(* Let $s\ge1$. If $f\in C^2(\mathbb{R}^s)$ and $H_n(f)<\infty$ for some $n\in\mathbb{N}_0$, then for any $n_0\in\mathbb{N}_0$ there exists a constant $C>0$ depending only on $n_0$ and $f$ such that $$\left|\sum_{\alpha\in\mathbb{Z}^s}2^{-ns}\left|\nabla f(x_\alpha^n)\right|_2-\int_{\mathbb{R}^s}|\nabla f(x)|_2\,dx\right|\le C\,2^{-n}\int_{\mathbb{R}^s}\left|D^2f(x)\right|_F\,dx\qquad\text{for all }n\ge n_0.$$
   Context: $x_\alpha^n:=2^{-n}(\alpha+\frac12(1,\dots,1))$ for $n\in\mathbb{N}_0$, $\alpha\in\mathbb{Z}^s$; $|\cdot|_2$ is the Euclidean norm. $|D^2f(x)|_F:=\big(\sum_{j,k=1}^s(\partial^2f(x)/\partial x_j\partial x_k)^2\big)^{1/2}$, and $H_n(f):=\sum_{\alpha\in\mathbb{Z}^s}2^{-ns}\max_{x\in x_\alpha^n+2^{-n}[-\frac12,\frac12]^s}|D^2f(x)|_F$ (possibly $+\infty$). *)

theory Defs
  imports "HOL-Analysis.Analysis"
begin

definition grid_pt :: "nat \<Rightarrow> int ^ 'n \<Rightarrow> real ^ 'n" where
  "grid_pt n \<alpha> = inverse (2 ^ n) *\<^sub>R (\<chi> j. real_of_int (\<alpha> $ j) + 1 / 2)"

definition grid_cube :: "nat \<Rightarrow> int ^ 'n \<Rightarrow> (real ^ 'n) set" where
  "grid_cube n \<alpha> = {y. \<forall>j. \<bar>y $ j - grid_pt n \<alpha> $ j\<bar> \<le> inverse (2 ^ n) / 2}"

definition frob :: "real ^ 'n ^ 'n \<Rightarrow> real" where
  "frob M = sqrt (\<Sum>j\<in>UNIV. \<Sum>k\<in>UNIV. (M $ j $ k)\<^sup>2)"

text \<open>H_n(f), given the Hessian field Hs of f; value in [0,\<infinity>].\<close>
definition Hn :: "nat \<Rightarrow> (real ^ 'n \<Rightarrow> real ^ 'n ^ 'n) \<Rightarrow> ennreal" where
  "Hn n Hs = (\<Sum>\<^sub>\<infinity>\<alpha>\<in>(UNIV :: (int ^ 'n) set).
      ennreal (inverse (2 ^ (n * CARD('n))) * (SUP x\<in>grid_cube n \<alpha>. frob (Hs x))))"

end

theory Submission
  imports Defs
begin

text \<open>
Cut space into the half-open dyadic cells of side 2^-n. The grid sum is then the integral of the
step function equal to |\<nabla>f(x_\<alpha>^n)| on the cell of \<alpha>. On a closed cube the gradient is
Lipschitz with constant the supremum of |D^2 f|_F there (the Frobenius norm dominates the operator
norm), and the cube has diameter at most s 2^-n; so the step function differs from |\<nabla>f| by at
most s 2^-n times the step function of these suprema, whose integral is H_n(f). As H_n(f)
decreases in n, the error is at most s 2^-n H_m(f) for all n \<ge> m, and the finitely many coarser
levels only enlarge the constant (their grid sums converge because distinct coarse grid points lie
in distinct fine cubes). Finally the constant is divided by the integral of |D^2 f|_F, which
vanishes only if the Hessian does; then the integrable gradient is constant, hence zero.
\<close>

lemma ennreal_infsum:
  fixes w :: "'a \<Rightarrow> real"
  assumes "w summable_on A" and "\<And>x. x \<in> A \<Longrightarrow> 0 \<le> w x"
  shows "ennreal (infsum w A) = (\<Sum>\<^sub>\<infinity>x\<in>A. ennreal (w x))"
proof -
  have "ennreal (infsum w A) = (SUP F\<in>{F. finite F \<and> F \<subseteq> A}. ennreal (sum w F))"
    by (rule infsum_nonneg_is_SUPREMUM_ennreal[OF assms])
  also have "\<dots> = (SUP F\<in>{F. finite F \<and> F \<subseteq> A}. (\<Sum>x\<in>F. ennreal (w x)))"
    using assms(2) by (intro SUP_cong) (auto intro!: sum_ennreal[symmetric])
  also have "\<dots> = (\<Sum>\<^sub>\<infinity>x\<in>A. ennreal (w x))"
    by (simp add: nonneg_infsum_complete)
  finally show ?thesis .
qed

lemma summable_on_iff_infsum_ennreal_finite:
  fixes w :: "'a \<Rightarrow> real"
  assumes nonneg: "\<And>x. x \<in> A \<Longrightarrow> 0 \<le> w x"
  shows "w summable_on A \<longleftrightarrow> (\<Sum>\<^sub>\<infinity>x\<in>A. ennreal (w x)) < \<infinity>"
proof
  assume "w summable_on A"
  then show "(\<Sum>\<^sub>\<infinity>x\<in>A. ennreal (w x)) < \<infinity>"
    by (simp flip: ennreal_infsum[OF _ nonneg])
next
  let ?T = "\<Sum>\<^sub>\<infinity>x\<in>A. ennreal (w x)"
  assume fin: "?T < \<infinity>"
  have "sum w F \<le> enn2real ?T" if "finite F" "F \<subseteq> A" for F
  proof -
    have "ennreal (sum w F) = (\<Sum>x\<in>F. ennreal (w x))"
      using that nonneg by (auto intro!: sum_ennreal[symmetric])
    also have "\<dots> \<le> ?T"
      using that by (auto simp: nonneg_infsum_complete intro!: SUP_upper)
    finally have "enn2real (ennreal (sum w F)) \<le> enn2real ?T"
      using fin by (intro enn2real_mono) simp_all
    then show ?thesis
      using that nonneg by (simp add: subset_iff sum_nonneg)
  qed
  then show "w summable_on A"
    by (intro nonneg_bdd_above_summable_on nonneg) (auto simp: bdd_above_def)
qed

lemma nn_integral_count_space_eq_infsum:
  fixes w :: "'a \<Rightarrow> real"
  assumes nonneg: "\<And>x. x \<in> A \<Longrightarrow> 0 \<le> w x"
  shows "(\<integral>\<^sup>+x. ennreal (w x) \<partial>count_space A) = (\<Sum>\<^sub>\<infinity>x\<in>A. ennreal (w x))"
proof (cases "w summable_on A")
  case True
  then have "Infinite_Set_Sum.abs_summable_on w A"
    using abs_summable_equivalent summable_on_iff_abs_summable_on_real by blast
  then show ?thesis
    using nonneg by (simp add: nn_integral_conv_infsetsum infsetsum_infsum ennreal_infsum[OF True])
next
  case False
  then have "\<not> integrable (count_space A) w"
    using abs_summable_equivalent summable_on_iff_abs_summable_on_real abs_summable_on_def by blast
  moreover have "(\<integral>\<^sup>+x. ennreal \<bar>w x\<bar> \<partial>count_space A) = (\<integral>\<^sup>+x. ennreal (w x) \<partial>count_space A)"
    using nonneg by (intro nn_integral_cong) simp
  ultimately have "(\<integral>\<^sup>+x. ennreal (w x) \<partial>count_space A) = \<infinity>"
    by (simp add: integrable_iff_bounded less_top[symmetric])
  moreover have "\<not> (\<Sum>\<^sub>\<infinity>x\<in>A. ennreal (w x)) < \<infinity>"
    using False nonneg summable_on_iff_infsum_ennreal_finite[of A w] by blast
  ultimately show ?thesis
    by (simp add: less_top[symmetric])
qed

text \<open>The index of the half-open cell 2^-n (\<alpha> + [0,1)^s) containing y; its closure is grid_cube n \<alpha>.\<close>

definition dyadic_cell :: "nat \<Rightarrow> real ^ 'n \<Rightarrow> int ^ 'n" where
  "dyadic_cell n y = (\<chi> j. \<lfloor>2 ^ n * y $ j\<rfloor>)"

lemma mem_grid_cube_iff:
  "y \<in> grid_cube n \<alpha> \<longleftrightarrow>
    (\<forall>j. of_int (\<alpha> $ j) \<le> 2 ^ n * y $ j \<and> 2 ^ n * y $ j \<le> of_int (\<alpha> $ j) + 1)"
proof -
  have "\<bar>y $ j - grid_pt n \<alpha> $ j\<bar> \<le> inverse (2 ^ n) / 2 \<longleftrightarrow>
        of_int (\<alpha> $ j) \<le> 2 ^ n * y $ j \<and> 2 ^ n * y $ j \<le> of_int (\<alpha> $ j) + 1" for j
  proof -
    have eq: "y $ j - grid_pt n \<alpha> $ j = (2 ^ n * y $ j - (of_int (\<alpha> $ j) + 1 / 2)) / 2 ^ n"
      by (simp add: grid_pt_def field_simps)
    show ?thesis
      unfolding eq abs_divide by (auto simp: field_simps abs_le_iff)
  qed
  then show ?thesis
    unfolding grid_cube_def mem_Collect_eq by presburger
qed

lemma grid_cube_eq_cbox:
  "grid_cube n \<alpha> = cbox (\<chi> j. of_int (\<alpha> $ j) / 2 ^ n) (\<chi> j. (of_int (\<alpha> $ j) + 1) / 2 ^ n)"
  by (auto simp: mem_grid_cube_iff mem_box_cart field_simps)

lemma grid_pt_mem_grid_cube: "grid_pt n \<alpha> \<in> grid_cube n \<alpha>"
  by (simp add: grid_cube_def)

lemma mem_grid_cube_dyadic_cell: "y \<in> grid_cube n (dyadic_cell n y)"
  by (auto simp: mem_grid_cube_iff dyadic_cell_def)

lemma dyadic_cell_grid_pt: "dyadic_cell n (grid_pt n \<alpha>) = \<alpha>"
proof -
  have "dyadic_cell n (grid_pt n \<alpha>) $ j = \<alpha> $ j" for j
  proof -
    have "2 ^ n * grid_pt n \<alpha> $ j = of_int (\<alpha> $ j) + 1 / 2"
      by (simp add: grid_pt_def)
    then show ?thesis
      unfolding dyadic_cell_def vec_lambda_beta by (intro floor_unique) auto
  qed
  then show ?thesis
    by (simp add: vec_eq_iff)
qed

lemma dyadic_cell_coarsen:
  assumes "m \<le> n"
  shows "dyadic_cell m y $ j = dyadic_cell n y $ j div 2 ^ (n - m)"
proof -
  have "(2::real) ^ n = 2 ^ (n - m) * 2 ^ m"
    using assms by (simp flip: power_add)
  then have "\<lfloor>(2::real) ^ m * y $ j\<rfloor> = \<lfloor>2 ^ n * y $ j / of_int (2 ^ (n - m))\<rfloor>"
    by simp
  also have "\<dots> = \<lfloor>2 ^ n * y $ j\<rfloor> div 2 ^ (n - m)"
    by (rule floor_divide_real_eq_div) simp
  finally show ?thesis
    by (simp add: dyadic_cell_def)
qed

lemma unit_interval_div_pow2:
  fixes t :: real
  assumes "of_int a \<le> 2 ^ k * t" "2 ^ k * t \<le> of_int a + 1"
  shows "of_int (a div 2 ^ k) \<le> t \<and> t \<le> of_int (a div 2 ^ k) + 1"
proof -
  define d r where "d = a div 2 ^ k" and "r = a mod 2 ^ k"
  have "0 \<le> r" "r < 2 ^ k"
    unfolding r_def by simp_all
  moreover have "a = 2 ^ k * d + r"
    unfolding d_def r_def by (simp add: mult_div_mod_eq)
  ultimately have "of_int a = 2 ^ k * of_int d + (of_int r :: real)" "0 \<le> (of_int r :: real)"
    "of_int r + 1 \<le> (2 ^ k :: real)"
    using of_int_le_iff[of "r + 1" "2 ^ k", where 'a=real] by simp_all
  with assms have "2 ^ k * of_int d \<le> 2 ^ k * t" "2 ^ k * t \<le> 2 ^ k * (of_int d + 1)"
    unfolding distrib_left by linarith+
  then show ?thesis
    unfolding d_def by simp
qed

lemma grid_cube_dyadic_cell_antimono:
  assumes "m \<le> n"
  shows "grid_cube n (dyadic_cell n y) \<subseteq> grid_cube m (dyadic_cell m y)"
proof
  fix z assume z: "z \<in> grid_cube n (dyadic_cell n y)"
  have "(2::real) ^ n * z $ j = 2 ^ (n - m) * (2 ^ m * z $ j)" for j
    using assms by (simp add: power_add[symmetric])
  with z show "z \<in> grid_cube m (dyadic_cell m y)"
    by (auto simp: mem_grid_cube_iff dyadic_cell_coarsen[OF assms] intro!: unit_interval_div_pow2)
qed

lemma inj_dyadic_cell_grid_pt:
  assumes "n \<le> m"
  shows "inj (\<lambda>\<alpha>. dyadic_cell m (grid_pt n \<alpha>))"
proof (rule injI)
  fix a b assume "dyadic_cell m (grid_pt n a) = dyadic_cell m (grid_pt n b)"
  then have "dyadic_cell n (grid_pt n a) $ j = dyadic_cell n (grid_pt n b) $ j" for j
    by (simp add: dyadic_cell_coarsen[OF assms])
  then show "a = b"
    by (simp add: vec_eq_iff dyadic_cell_grid_pt)
qed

..........

→ The problem
Transcribe the entries above word for word, from the first line through the line containing "Cut space into", and nothing else.

→ Response area
(* Let $s\ge1$. If $f\in C^2(\mathbb{R}^s)$ and $H_n(f)<\infty$ for some $n\in\mathbb{N}_0$, then for any $n_0\in\mathbb{N}_0$ there exists a constant $C>0$ depending only on $n_0$ and $f$ such that $$\left|\sum_{\alpha\in\mathbb{Z}^s}2^{-ns}\left|\nabla f(x_\alpha^n)\right|_2-\int_{\mathbb{R}^s}|\nabla f(x)|_2\,dx\right|\le C\,2^{-n}\int_{\mathbb{R}^s}\left|D^2f(x)\right|_F\,dx\qquad\text{for all }n\ge n_0.$$
   Context: $x_\alpha^n:=2^{-n}(\alpha+\frac12(1,\dots,1))$ for $n\in\mathbb{N}_0$, $\alpha\in\mathbb{Z}^s$; $|\cdot|_2$ is the Euclidean norm. $|D^2f(x)|_F:=\big(\sum_{j,k=1}^s(\partial^2f(x)/\partial x_j\partial x_k)^2\big)^{1/2}$, and $H_n(f):=\sum_{\alpha\in\mathbb{Z}^s}2^{-ns}\max_{x\in x_\alpha^n+2^{-n}[-\frac12,\frac12]^s}|D^2f(x)|_F$ (possibly $+\infty$). *)

theory Defs
  imports "HOL-Analysis.Analysis"
begin

definition grid_pt :: "nat \<Rightarrow> int ^ 'n \<Rightarrow> real ^ 'n" where
  "grid_pt n \<alpha> = inverse (2 ^ n) *\<^sub>R (\<chi> j. real_of_int (\<alpha> $ j) + 1 / 2)"

definition grid_cube :: "nat \<Rightarrow> int ^ 'n \<Rightarrow> (real ^ 'n) set" where
  "grid_cube n \<alpha> = {y. \<forall>j. \<bar>y $ j - grid_pt n \<alpha> $ j\<bar> \<le> inverse (2 ^ n) / 2}"

definition frob :: "real ^ 'n ^ 'n \<Rightarrow> real" where
  "frob M = sqrt (\<Sum>j\<in>UNIV. \<Sum>k\<in>UNIV. (M $ j $ k)\<^sup>2)"

text \<open>H_n(f), given the Hessian field Hs of f; value in [0,\<infinity>].\<close>
definition Hn :: "nat \<Rightarrow> (real ^ 'n \<Rightarrow> real ^ 'n ^ 'n) \<Rightarrow> ennreal" where
  "Hn n Hs = (\<Sum>\<^sub>\<infinity>\<alpha>\<in>(UNIV :: (int ^ 'n) set).
      ennreal (inverse (2 ^ (n * CARD('n))) * (SUP x\<in>grid_cube n \<alpha>. frob (Hs x))))"

end

theory Submission
  imports Defs
begin

text \<open>
Cut space into the half-open dyadic cells of side 2^-n. The grid sum is then the integral of the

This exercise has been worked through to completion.